"I would say my wife is very much a servant. I’m indebted to her for her loyalty.
You help balance me out. You help me see things that I wouldn’t notice on my own.
In fact, when we were engaged I thought, “This is the kind of woman I want to marry.”
She’s gone above and beyond to build into our relationship.
I love to hear her sing songs with our kids."
There’s a sense in which the woman we just read about is a composite portrait of ideal womanhood. And yet, there’s another sense in which I believe she can actually be a real woman. If this woman is a real woman, if King Lemuel’s mother was describing a woman she actually knew, you can be sure of several things about this woman. Now these aren’t things you read about in the text.
There are things she wishes were different about her husband. He has weaknesses, and she does too. She has struggles in her marriage. Sometimes she and her husband can’t communicate with each other. Sometimes he doesn’t communicate at all, and sometimes he has no idea what she is trying to communicate.
They obviously, if you read this passage, deal with the problem of busyness. When do they connect with each other? They have differences; they are incompatible. I can tell you something else about this woman for sure. Sometimes she feels unappreciated for all her efforts, and there are times when she is tempted to envy women who are in a different season of life.
This Proverbs 31 woman—I can tell you something else—she probably sometimes feels like a real failure. Others can see and appreciate things about her that she can’t see in herself. I can tell you that sometimes this woman feels like giving up. She’s not just this perfect thing that we construct that just comes off the pages of Scripture and has no reality to her. She deals with the same issues that we do.
She has spiritual dry times, times when it seems that God is very far away from her. She’s a woman who does have virtuous character, and she does have an intimate relationship with God and her husband. But I can tell you this—she didn’t get there overnight, and she hasn’t yet arrived.
She’s a woman in process. She’s a woman who’s growing. And she’s a woman who, like most of us, often finds herself taking three steps forward and two steps back. You see, spiritual maturity is not so much where you are as the direction in which you’re headed. And here’s a woman who’s in process; she’s in direction.

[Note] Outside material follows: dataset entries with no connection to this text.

lemma foldl_block_mat:
  assumes wf: "dbva_wf \<Sigma> m k \<delta> q0 Qa" and d: "m * k \<le> d"
  shows "u \<in> lists \<Sigma> \<Longrightarrow> q < m \<Longrightarrow>
    foldl (vec_mat d) (block_vec m k q w) (map (block_mat m k \<delta> Qa \<circ> Sym) u)
      = block_vec m k (fst (foldl (dbva_step k \<delta>) (q, w) (map Sym u)))
                      (snd (foldl (dbva_step k \<delta>) (q, w) (map Sym u)))
    \<and> fst (foldl (dbva_step k \<delta>) (q, w) (map Sym u)) < m"
proof (induction u arbitrary: q w)
  case (Cons a u)
  obtain q' M where qM: "\<delta> q (Sym a) = (q', M)" by fastforce
  have "q' < m"
    using wf Cons.prems qM unfolding dbva_wf_def by (metis UnI2 fst_conv image_eqI listsE)
  have step: "vec_mat d (block_vec m k q w) (block_mat m k \<delta> Qa (Sym a))
                 = block_vec m k q' (vec_mat k w M)"
    using vec_mat_block_mat[of q m k d "Sym a" \<delta> q' M] Cons.prems(2) d qM by simp
  have "dbva_step k \<delta> (q, w) (Sym a) = (q', vec_mat k w M)"
    by (simp add: dbva_step_def qM)
  then show ?case using Cons.IH[OF _ \<open>q' < m\<close>, of "vec_mat k w M"] Cons.prems step by simp
qed simp

lemma dbva_accepts_block_simulation:
  assumes wf: "dbva_wf \<Sigma> m k \<delta> q0 Qa" and d: "m * k \<le> d" and w: "w \<in> lists \<Sigma>"
  shows "foldl (vec_mat d) (block_vec m k q0 v) (map (block_mat m k \<delta> Qa) (Cent # map Sym w @ [Dollar])) 0 = 1
           \<longleftrightarrow> dbva_accepts k \<delta> q0 Qa v w"
proof -
  obtain q1 M1 where c1: "\<delta> q0 Cent = (q1, M1)" by fastforce
  have q0: "q0 < m" using wf by (simp add: dbva_wf_def)
  have q1: "q1 < m" using wf c1 q0 unfolding dbva_wf_def by (metis fst_conv insertI1 UnI1)
  have cent: "vec_mat d (block_vec m k q0 v) (block_mat m k \<delta> Qa Cent) = block_vec m k q1 (vec_mat k v M1)"
    using vec_mat_block_mat[of q0 m k d Cent \<delta> q1 M1] q0 d c1 by simp
  define c2 where "c2 = foldl (dbva_step k \<delta>) (q1, vec_mat k v M1) (map Sym w)"
  have word: "foldl (vec_mat d) (block_vec m k q1 (vec_mat k v M1)) (map (block_mat m k \<delta> Qa \<circ> Sym) w)
                = block_vec m k (fst c2) (snd c2)" "fst c2 < m"
    using foldl_block_mat[OF wf d w q1] unfolding c2_def by auto
  obtain q3 M3 where c3: "\<delta> (fst c2) Dollar = (q3, M3)" by fastforce
  have "foldl (vec_mat d) (block_vec m k q0 v) (map (block_mat m k \<delta> Qa) (Cent # map Sym w @ [Dollar])) 0
          = (if q3 \<in> Qa then vec_mat k (snd c2) M3 0 else 0)"
    using cent word vec_mat_block_mat_Dollar[of "fst c2" m k d \<delta> q3 M3] word(2) d c3 by simp
  moreover have "dbva_accepts k \<delta> q0 Qa v w \<longleftrightarrow> q3 \<in> Qa \<and> vec_mat k (snd c2) M3 0 = 1"
    unfolding dbva_accepts_def using c1 c3 by (simp add: c2_def dbva_step_def)
  ultimately show ?thesis by auto
qed

lemma rtDBVASIZE_one_state_normal_form:
  assumes "(\<Sigma>, L) \<in> rtDBVASIZE s" "s \<le> d"
  obtains V N where
    "\<forall>w\<in>lists \<Sigma>. w \<in> L \<longleftrightarrow> foldl (vec_mat d) V (map N (Cent # map Sym w @ [Dollar])) 0 = 1"
proof -
  from assms(1) obtain m k \<delta> q0 Qa v where "m * k = s" and wf: "dbva_wf \<Sigma> m k \<delta> q0 Qa"
    and L: "\<forall>w\<in>lists \<Sigma>. w \<in> L \<longleftrightarrow> dbva_accepts k \<delta> q0 Qa v w"
    unfolding rtDBVASIZE_def by blast
  with assms(2) have "m * k \<le> d" by simp
  with that[of "block_vec m k q0 v" "block_mat m k \<delta> Qa"] show ?thesis
    using L dbva_accepts_block_simulation[OF wf] by blast
qed
(* If a system $C=(1,c_2,c_3,c_4,c_5,2c_5-c_2)$ is canonical and its subsystem $(1,c_2,c_3,c_4,c_5)$ is noncanonical, then $C=(1,2,3,c_4,c_4+1,2c_4)$ and $c_4>4$.
   Context: A system is a tuple $C=(c_1,\dots,c_n)$ of integers with $1=c_1<c_2<\dots<c_n$; for $k\le n$, $(c_1,\dots,c_k)$ is a subsystem. For a positive integer $v$, $\mathrm{opt}_C(v)$ is the minimum of $\sum_i x_i$ over $x\in\mathbb{Z}_{\ge0}^n$ with $\sum_i c_ix_i=v$. The greedy representation of $v$ is produced by: for $i=n$ down to $1$, while $c_i\le$ remaining value, take a coin $c_i$. $\mathrm{grd}_C(v)$ is its number of coins. A positive integer $w$ is a counterexample if $\mathrm{opt}_C(w)<\mathrm{grd}_C(w)$; $C$ is canonical if it has none, noncanonical otherwise. *)

theory Defs
  imports Main
begin

definition is_system :: "nat list \<Rightarrow> bool" where
  "is_system cs \<longleftrightarrow> cs \<noteq> [] \<and> hd cs = 1 \<and> sorted_wrt (<) cs"

definition reps :: "nat list \<Rightarrow> nat \<Rightarrow> nat list set" where
  "reps cs v = {x. length x = length cs \<and> (\<Sum>i<length cs. cs ! i * x ! i) = v}"

definition opt :: "nat list \<Rightarrow> nat \<Rightarrow> nat" where
  "opt cs v = (LEAST k. \<exists>x\<in>reps cs v. sum_list x = k)"

fun grd_desc :: "nat list \<Rightarrow> nat \<Rightarrow> nat" where
  "grd_desc [] v = 0"
| "grd_desc (c # cs) v = v div c + grd_desc cs (v mod c)"

definition grd :: "nat list \<Rightarrow> nat \<Rightarrow> nat" where
  "grd cs v = grd_desc (rev cs) v"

So being a virtuous woman doesn’t mean that she doesn’t have the same struggles and challenges that we all have as women.
Now, I want to make two statements that I’m going to repeat probably many times throughout this series because I want this to get into the fiber of your thinking. Here are the two statements. First of all, no woman can be like the woman that we read about in Proverbs 31. On your own, you cannot be; on my own, I cannot be like this woman.
Anything we do try to do on our own in our striving and efforts is not pleasing or acceptable to God. The only way we can ever please God is through the righteousness of Christ, through His excellency. He’s the only One who has ever measured up to God’s standard of holiness. So here’s the first statement: No woman can be like this woman on her own.
But here’s another statement that sounds like the opposite, and it’s just as true. Any woman who is a child of God can be like this woman. Any woman who is a child of God can be like this woman because Jesus lives in us, and He’s the One who fulfills the righteousness of God. So as we’re filled with the Holy Spirit, you and I can be a virtuous and excellent woman.
I’ll say it again. You cannot become that woman on your own. Apart from Christ, you can never be virtuous or excellent. But through the indwelling power of the Holy Spirit, the gospel of Christ, we are able to be transformed one day at a time, one experience at a time, one step at a time into the likeness of Christ.
And the day is coming when I’m going to be like this woman, and you are too. So be encouraged. Put the next foot down. Take the next step and let God make you, make us, into this kind of woman.
Jesus, You make things so simple. It's like You do all the work if we're willing to let You. You take the pressure off and don't yell at us for falling short. Jesus, please move with me and enable me to be the wife You've called me to be.